Because the vast majority of gas giant planets are generally found quite close to their respective suns, it has been assumed that Jupiter, too, also formed near the sun. However, new research has revealed that Jupiter is now thought to have originated at a much greater distance from the sun than originally thought.
As Phys.org reports, scientists from Lund University have conducted a series of computer simulations which indicate that Jupiter began its life 4.5 billion years ago — at a distance that is four times farther from the sun than its present location would suggest.
“This is the first time we have proof that Jupiter was formed a long way from the sun and then migrated to its current orbit. We found evidence of the migration in the Trojan asteroids orbiting close to Jupiter,” Lead author Simona Pirani, who is a doctoral student in astronomy at Lund University, explained.
The Trojan asteroids are made up of thousands of different asteroids that have been categorized as belonging to two distinct groups. These asteroids are located roughly the same distance away from the sun as from Jupiter.

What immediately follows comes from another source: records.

(* Let $G=(V,E)$ be an undirected graph and let $\mathcal{F}$ be a $(\kappa,t)$-packing of $G$. Then the induced packing graph $H=G_{\mathcal{F}}$ satisfies $$\frac{|E(H)|}{|V(H)|}\le 2(t+1)^2\kappa^2\,\nabla_t(G)+\kappa.$$
   Context: A graph $K$ is $t$-shallow if there is a vertex $h$ such that every vertex of $K$ is joined to $h$ by a path in $K$ with at most $t$ edges. A $(\kappa,t)$-packing of $G$ is a multiset $\mathcal{F}$ of subsets $C\subseteq V$ such that each induced subgraph $G[C]$ is $t$-shallow and every vertex of $V$ lies in at most $\kappa$ members of $\mathcal{F}$ (counted with multiplicity). The induced packing graph $G_{\mathcal{F}}$ has vertex set $\mathcal{F}$, with $C,C'\in\mathcal{F}$ adjacent if $C\cap C'\neq\emptyset$ or there are $u\in C$, $v\in C'$ with $uv\in E$. A $t$-shallow minor of $G$ is a graph obtained by contracting edges and deleting edges and vertices such that each vertex of the minor corresponds to a cluster of vertices of $G$ inducing a $t$-shallow subgraph; $\nabla_t(G)$ is the supremum of $|E(K)|/|V(K)|$ over all $t$-shallow minors $K$ of $G$. *)

theory Defs
  imports Complex_Main
begin

definition graph :: "'a set \<Rightarrow> 'a set set \<Rightarrow> bool" where
  "graph V E \<longleftrightarrow> finite V \<and>
     (\<forall>e\<in>E. \<exists>u v. e = {u, v} \<and> u \<noteq> v \<and> u \<in> V \<and> v \<in> V)"

definition induced_edges :: "'a set set \<Rightarrow> 'a set \<Rightarrow> 'a set set" where
  "induced_edges E C = {e \<in> E. e \<subseteq> C}"

definition is_walk :: "'a set \<Rightarrow> 'a set set \<Rightarrow> 'a list \<Rightarrow> bool" where
  "is_walk V E p \<longleftrightarrow> p \<noteq> [] \<and> set p \<subseteq> V \<and>
     (\<forall>i. Suc i < length p \<longrightarrow> {p ! i, p ! Suc i} \<in> E)"

text \<open>K = (V,E) is t-shallow: some vertex h reaches every vertex by a path
  in K with at most t edges (i.e. at most t+1 vertices).\<close>
definition t_shallow :: "'a set \<Rightarrow> 'a set set \<Rightarrow> nat \<Rightarrow> bool" where
  "t_shallow V E t \<longleftrightarrow> (\<exists>h\<in>V. \<forall>v\<in>V. \<exists>p. is_walk V E p \<and> hd p = h \<and> last p = v
                                   \<and> length p \<le> t + 1)"

text \<open>A (kappa,t)-packing. The multiset F is represented as a list Fs
  (members counted with multiplicity, positions = copies).\<close>
definition packing :: "'a set \<Rightarrow> 'a set set \<Rightarrow> nat \<Rightarrow> nat \<Rightarrow> 'a set list \<Rightarrow> bool" where
  "packing V E \<kappa> t Fs \<longleftrightarrow>
     (\<forall>C\<in>set Fs. C \<subseteq> V \<and> t_shallow C (induced_edges E C) t) \<and>
     (\<forall>v\<in>V. length (filter (\<lambda>C. v \<in> C) Fs) \<le> \<kappa>)"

With these asteroids engaged in their respective orbits near Jupiter, scientists have discovered that a much larger number of the Trojan asteroids can be found in front of Jupiter, rather than behind it. This surprising asymmetry, according to the new study, has allowed scientists to learn more than ever before about the spatial migration of this planet.
— Phys.org (@physorg_com) March 25, 2019
“The asymmetry has always been a mystery in the solar system. We can learn a lot about Jupiter’s core and formation from studying the Trojans,” Anders Johansen, a professor of astronomy at Lund University, noted.

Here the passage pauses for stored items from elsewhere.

lemma real_spectral_radius_subinvariant_vector:
  assumes A: "A \<in> carrier_mat n n" and "nonneg_mat A" and "0 < n"
  obtains u where "u \<in> carrier_vec n" "0\<^sub>v n \<le> u" "u \<noteq> 0\<^sub>v n"
    "real_spectral_radius A \<cdot>\<^sub>v u \<le> A *\<^sub>v u"
proof -
  let ?AC = "map_mat complex_of_real A"
  have AC: "?AC \<in> carrier_mat n n" using A by simp
  obtain ev where "eigenvalue ?AC ev" and ev: "real_spectral_radius A = norm ev"
    using spectral_radius_mem_max(1)[OF AC \<open>0 < n\<close>]
    by (auto simp: spectrum_def real_spectral_radius_def)
  then obtain w where w: "w \<in> carrier_vec n" "w \<noteq> 0\<^sub>v n" "?AC *\<^sub>v w = ev \<cdot>\<^sub>v w"
    using AC by (auto simp: eigenvalue_def eigenvector_def)
  define u where "u = map_vec norm w"
  have u: "u \<in> carrier_vec n" "0\<^sub>v n \<le> u"
    using w(1) unfolding u_def less_eq_vec_def by auto
  have "u \<noteq> 0\<^sub>v n"
    using w(1,2) unfolding u_def by (auto simp: vec_eq_iff)
  have "norm ev * u $ i \<le> (A *\<^sub>v u) $ i" if i: "i < n" for i
  proof -
    have "norm ev * u $ i = norm ((?AC *\<^sub>v w) $ i)"
      using w i by (simp add: u_def norm_mult)
    also have "\<dots> = norm (\<Sum>j<n. complex_of_real (A $$ (i, j)) * w $ j)"
      unfolding index_mult_mat_vec_sum[OF AC w(1) i] using A i by (intro arg_cong[where f = norm] sum.cong) auto
    also have "\<dots> \<le> (\<Sum>j<n. A $$ (i, j) * u $ j)"
      using \<open>nonneg_mat A\<close> A w(1) i
      by (intro sum_norm_le) (auto simp: u_def norm_mult nonneg_mat_def)
    also have "\<dots> = (A *\<^sub>v u) $ i"
      using index_mult_mat_vec_sum[OF A u(1) i] by simp
    finally show ?thesis .
  qed
  then have "real_spectral_radius A \<cdot>\<^sub>v u \<le> A *\<^sub>v u"
    using A u(1) ev unfolding less_eq_vec_def by simp
  then show thesis
    using that u \<open>u \<noteq> 0\<^sub>v n\<close> by blast
qed

lemma real_spectral_radius_le_of_intertwining:
  assumes A: "A \<in> carrier_mat n n" "nonneg_mat A" "0 < n"
    and S: "S \<in> carrier_mat m m" "nonneg_mat S"
    and carrier: "\<And>u. u \<in> carrier_vec n \<Longrightarrow> T u \<in> carrier_vec m"
    and smult: "\<And>c u. u \<in> carrier_vec n \<Longrightarrow> T (c \<cdot>\<^sub>v u) = c \<cdot>\<^sub>v T u"
    and mono: "\<And>u v. u \<le> v \<Longrightarrow> v \<in> carrier_vec n \<Longrightarrow> T u \<le> T v"
    and nonzero: "\<And>u. u \<in> carrier_vec n \<Longrightarrow> 0\<^sub>v n \<le> u \<Longrightarrow> u \<noteq> 0\<^sub>v n \<Longrightarrow> T u \<noteq> 0\<^sub>v m"
    and intertwine: "\<And>u. u \<in> carrier_vec n \<Longrightarrow> T (A *\<^sub>v u) = S *\<^sub>v T u"
  shows "real_spectral_radius A \<le> real_spectral_radius S"
proof -
  obtain u where u: "u \<in> carrier_vec n" "0\<^sub>v n \<le> u" "u \<noteq> 0\<^sub>v n"
    and sub: "real_spectral_radius A \<cdot>\<^sub>v u \<le> A *\<^sub>v u"
    using real_spectral_radius_subinvariant_vector[OF A] .
  have "T (0\<^sub>v n) = T (0 \<cdot>\<^sub>v 0\<^sub>v n)"
    by (intro arg_cong[where f = T] eq_vecI) simp_all
  also have "\<dots> = 0\<^sub>v m"
    using smult[of "0\<^sub>v n" 0] carrier[of "0\<^sub>v n"] by (intro eq_vecI) simp_all
  finally have "T (0\<^sub>v n) = 0\<^sub>v m" .
  then have "0\<^sub>v m \<le> T u"
    using mono[OF u(2,1)] by simp
  moreover have "real_spectral_radius A \<cdot>\<^sub>v T u \<le> S *\<^sub>v T u"
    using mono[OF sub] A(1) u(1) by (simp add: smult intertwine)
  ultimately show ?thesis
    using collatz_wielandt_lower_bound[OF S carrier[OF u(1)]] nonzero[OF u] by blast
qed

definition circulant_index :: "nat \<Rightarrow> nat \<Rightarrow> nat \<Rightarrow> nat" where
  "circulant_index r p q = nat ((int q - int p) mod int r)"

lemma circulant_index_less: "0 < r \<Longrightarrow> circulant_index r p q < r"
  by (simp add: circulant_index_def nat_less_iff)

lemma circulant_index_circulant_index:
  assumes "p < r"
  shows "circulant_index r (circulant_index r p q) q = p"
proof -
  have "int (circulant_index r p q) = (int q - int p) mod int r"
    using assms by (simp add: circulant_index_def)
  then show ?thesis
    using assms by (simp add: circulant_index_def mod_diff_right_eq)
qed

lemma sum_circulant_index_fst: "(\<Sum>p<r. g (circulant_index r p q)) = (\<Sum>k<r. g k)"
  by (rule sum.reindex_bij_witness[where i = "\<lambda>k. circulant_index r k q" and j = "\<lambda>k. circulant_index r k q"])
    (auto simp: circulant_index_less circulant_index_circulant_index)

lemma sum_circulant_index_snd: "(\<Sum>q<r. g (circulant_index r p q)) = (\<Sum>k<r. g k)"
  by (rule sum.reindex_bij_witness[where i = "\<lambda>k. nat ((int k + int p) mod int r)" and j = "\<lambda>q. circulant_index r p q"])
    (auto simp: circulant_index_def circulant_index_less nat_less_iff mod_diff_left_eq mod_add_left_eq)

lemma less_mult_imp_mod_less: "m < i * n \<Longrightarrow> m mod n < (n :: nat)"
  by (cases "n = 0") auto

lemma block_index_less:
  fixes p a r s :: nat
  assumes "p < r" and "a < s"
  shows "p * s + a < r * s"
proof -
  have "Suc p * s \<le> r * s"
    using assms by (intro mult_le_mono1) simp
  then show ?thesis
    using assms by simp
qed

lemma sum_lessThan_mult_blocks:
  fixes r s :: nat
  shows "(\<Sum>j<r * s. f j) = (\<Sum>q<r. \<Sum>b<s. f (q * s + b))"
proof -
  have "(\<Sum>j<r * s. f j) = (\<Sum>q<r. sum f {q * s..<q * s + s})"
    by (rule sum.nat_group[symmetric])
  also have "\<dots> = (\<Sum>q<r. \<Sum>b<s. f (q * s + b))"
  proof (rule sum.cong[OF refl])
    fix q
    show "sum f {q * s..<q * s + s} = (\<Sum>b<s. f (q * s + b))"
      using sum.shift_bounds_nat_ivl[of f 0 "q * s" s] by (simp add: atLeast0LessThan add.commute)
  qed
  finally show ?thesis .
qed

lemma block_circulant_carrier: "block_circulant r s B \<in> carrier_mat (r * s) (r * s)"
  by (simp add: block_circulant_def)

lemma block_circulant_block:
  assumes "p < r" "a < s" "q < r" "b < s"
  shows "block_circulant r s B $$ (p * s + a, q * s + b) = B (circulant_index r p q) $$ (a, b)"
  using assms block_index_less[of p r a s] block_index_less[of q r b s]
  by (simp add: block_circulant_def circulant_index_def)

lemma nonneg_mat_block_circulant:
  assumes "\<And>k i j. k < r \<Longrightarrow> i < s \<Longrightarrow> j < s \<Longrightarrow> 0 \<le> B k $$ (i, j)"
  shows "nonneg_mat (block_circulant r s B)"
proof -
  have "0 \<le> block_circulant r s B $$ (i, j)" if "i < r * s" and "j < r * s" for i j
  proof -
    have "0 < r"
      using that by (cases "r = 0") auto
    then show ?thesis
      using that assms[of "circulant_index r (i div s) (j div s)" "i mod s" "j mod s"]
      by (simp add: block_circulant_def circulant_index_def[symmetric] circulant_index_less
          less_mult_imp_mod_less)
  qed
  then show ?thesis
    by (simp add: nonneg_mat_def block_circulant_def)
qed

Due to the confusion revolving around this asymmetry, scientists have previously been baffled as to why the two groups of Trojan asteroids each hold a different number of asteroids within them. However, the latest research into Jupiter’s origin has shed more light on this mystery, and scientists have been able to use computer simulations to understand that, as Jupiter migrated through the solar system, it began to slowly draw closer these asteroids — creating the asymmetry that we see today.
Because this asymmetry could only have occurred if Jupiter began its life farther out in the solar system — only migrating to its present position over a period of approximately 700,000 years — scientists have learned that, as Jupiter drew closer to the sun, its enormous gravity drew more asteroids in front of it. This resulted in a much smaller number of asteroids being scattered behind the gas giant.
Computer simulations have further suggested that Jupiter began to draw in Trojan asteroids long before the planet developed a gas atmosphere, when it was still relatively young.
The new study which has determined the migration pattern of Jupiter through the solar system by tracking the Trojan asteroids has been published in Astronomy & Astrophysics.